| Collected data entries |

(* Assume $\delta=\lambda-\mu>0$ and fix $T>0$. For $b\ge b_0$ let $(R^{\pi^*_b,b}_t,L^{\pi^*_b}_t)$ be the reflected process at barrier $b$ started at $b$, and let $\tau^{\pi^*_b}_b=\inf\{t:R^{\pi^*_b,b}_t=0\}$. Then $$\lim_{b\to\infty}\mathbf P[\tau^{\pi^*_b}_b\le T]=0.$$
   Context: Setup. Let $(\Omega,\mathcal F,\{\mathcal F_t\}_{t\ge0},\mathbf P)$ be a filtered probability space satisfying the usual conditions and carrying a standard Brownian motion $W$. Fix constants $\sigma>0$, $c>0$, $0<\mu<\lambda$, and set $\delta:=\lambda-\mu>0$. HJB solutions. For $b>0$ consider the problem: find $g\in C^1([0,\infty))\cap C^2([0,\infty)\setminus\{b\})$ with $$\max_{a\in[0,1]}\big[\tfrac12\sigma^2a^2g''(x)+(\mu-(1-a)\lambda)g'(x)-cg(x)\big]=0 \text{ on } [0,b],\qquad g'(x)=1 \text{ for } x\ge b,\qquad g(0)=0.$$ - $b_0>0$ denotes the barrier for which this problem has a solution $f\in C^2([0,\infty))$ (so additionally $f''=0$ on $[b_0,\infty)$). - For $b\ge b_0$, $g_b$ denotes the solution of this problem constructed in the paper, with $g_{b_0}=f$. Feedback control. $A^*_b(x)\in[0,1]$ is the maximizer of the bracket for $g=g_b$. - If $\lambda\ge2\mu$, then $A^*_b\equiv1$; in this case put $m=0$. - If $\mu<\lambda<2\mu$, there is a level $m>0$, independent of $b\ge b_0$, such that $A^*_b(x)=-\lambda g_b'(x)/(\sigma^2g_b''(x))\in(0,1)$ for $0\le x<m$ and $A^*_b(x)=1$ for $x\ge m$. Reflected optimal process. For $b\ge b_0$ and $x\in[0,b]$, $(R^{\pi^*_b,x}_t,L^{\pi^*_b}_t)$ is the unique solution of the SDE with reflection $$dR_t=(\mu-(1-A^*_b(R_t))\lambda)\,dt+\sigma A^*_b(R_t)\,dW_t-dL_t,\qquad R_0=x,\qquad 0\le R_t\le b,\qquad \int_0^\infty 1_{\{R_t<b\}}\,dL_t=0,$$ with $L$ nondecreasing, considered until it hits $0$. *)

theory Defs
  imports "HOL-Probability.Probability"
begin

definition usual_conditions :: "'a measure \<Rightarrow> (real \<Rightarrow> 'a measure) \<Rightarrow> bool" where
  "usual_conditions M F \<longleftrightarrow>
     filtration (space M) F \<and>
     (\<forall>t. sets (F t) \<subseteq> sets M) \<and>
     (\<forall>A B. B \<in> null_sets M \<longrightarrow> A \<subseteq> B \<longrightarrow> A \<in> sets M) \<and>
     (\<forall>N \<in> null_sets M. N \<in> sets (F 0)) \<and>
     (\<forall>t. sets (F t) = (\<Inter>u\<in>{t<..}. sets (F u)))"

definition adapted :: "(real \<Rightarrow> 'a measure) \<Rightarrow> (real \<Rightarrow> 'a \<Rightarrow> real) \<Rightarrow> bool" where
  "adapted F X \<longleftrightarrow> (\<forall>t\<ge>0. X t \<in> borel_measurable (F t))"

| Task prompt |
Please repeat the records so that each one reads exactly as it does above.

| Exercise response |
(* Assume $\delta=\lambda-\mu>0$ and fix $T>0$. For $b\ge b_0$ let $(R^{\pi^*_b,b}_t,L^{\pi^*_b}_t)$ be the reflected process at barrier $b$ started at $b$, and let $\tau^{\pi^*_b}_b=\inf\{t:R^{\pi^*_b,b}_t=0\}$. Then $$\lim_{b\to\infty}\mathbf P[\tau^{\pi^*_b}_b\le T]=0.$$
   Context: Setup. Let $(\Omega,\mathcal F,\{\mathcal F_t\}_{t\ge0},\mathbf P)$ be a filtered probability space satisfying the usual conditions and carrying a standard Brownian motion $W$. Fix constants $\sigma>0$, $c>0$, $0<\mu<\lambda$, and set $\delta:=\lambda-\mu>0$. HJB solutions. For $b>0$ consider the problem: find $g\in C^1([0,\infty))\cap C^2([0,\infty)\setminus\{b\})$ with $$\max_{a\in[0,1]}\big[\tfrac12\sigma^2a^2g''(x)+(\mu-(1-a)\lambda)g'(x)-cg(x)\big]=0 \text{ on } [0,b],\qquad g'(x)=1 \text{ for } x\ge b,\qquad g(0)=0.$$ - $b_0>0$ denotes the barrier for which this problem has a solution $f\in C^2([0,\infty))$ (so additionally $f''=0$ on $[b_0,\infty)$). - For $b\ge b_0$, $g_b$ denotes the solution of this problem constructed in the paper, with $g_{b_0}=f$. Feedback control. $A^*_b(x)\in[0,1]$ is the maximizer of the bracket for $g=g_b$. - If $\lambda\ge2\mu$, then $A^*_b\equiv1$; in this case put $m=0$. - If $\mu<\lambda<2\mu$, there is a level $m>0$, independent of $b\ge b_0$, such that $A^*_b(x)=-\lambda g_b'(x)/(\sigma^2g_b''(x))\in(0,1)$ for $0\le x<m$ and $A^*_b(x)=1$ for $x\ge m$. Reflected optimal process. For $b\ge b_0$ and $x\in[0,b]$, $(R^{\pi^*_b,x}_t,L^{\pi^*_b}_t)$ is the unique solution of the SDE with reflection $$dR_t=(\mu-(1-A^*_b(R_t))\lambda)\,dt+\sigma A^*_b(R_t)\,dW_t-dL_t,\qquad R_0=x,\qquad 0\le R_t\le b,\qquad \int_0^\infty 1_{\{R_t<b\}}\,dL_t=0,$$ with $L$ nondecreasing, considered until it hits $0$. *)

theory Defs
  imports "HOL-Probability.Probability"
begin

definition usual_conditions :: "'a measure \<Rightarrow> (real \<Rightarrow> 'a measure) \<Rightarrow> bool" where
  "usual_conditions M F \<longleftrightarrow>
     filtration (space M) F \<and>
     (\<forall>t. sets (F t) \<subseteq> sets M) \<and>
     (\<forall>A B. B \<in> null_sets M \<longrightarrow> A \<subseteq> B \<longrightarrow> A \<in> sets M) \<and>
     (\<forall>N \<in> null_sets M. N \<in> sets (F 0)) \<and>
     (\<forall>t. sets (F t) = (\<Inter>u\<in>{t<..}. sets (F u)))"

definition adapted :: "(real \<Rightarrow> 'a measure) \<Rightarrow> (real \<Rightarrow> 'a \<Rightarrow> real) \<Rightarrow> bool" where
  "adapted F X \<longleftrightarrow> (\<forall>t\<ge>0. X t \<in> borel_measurable (F t))"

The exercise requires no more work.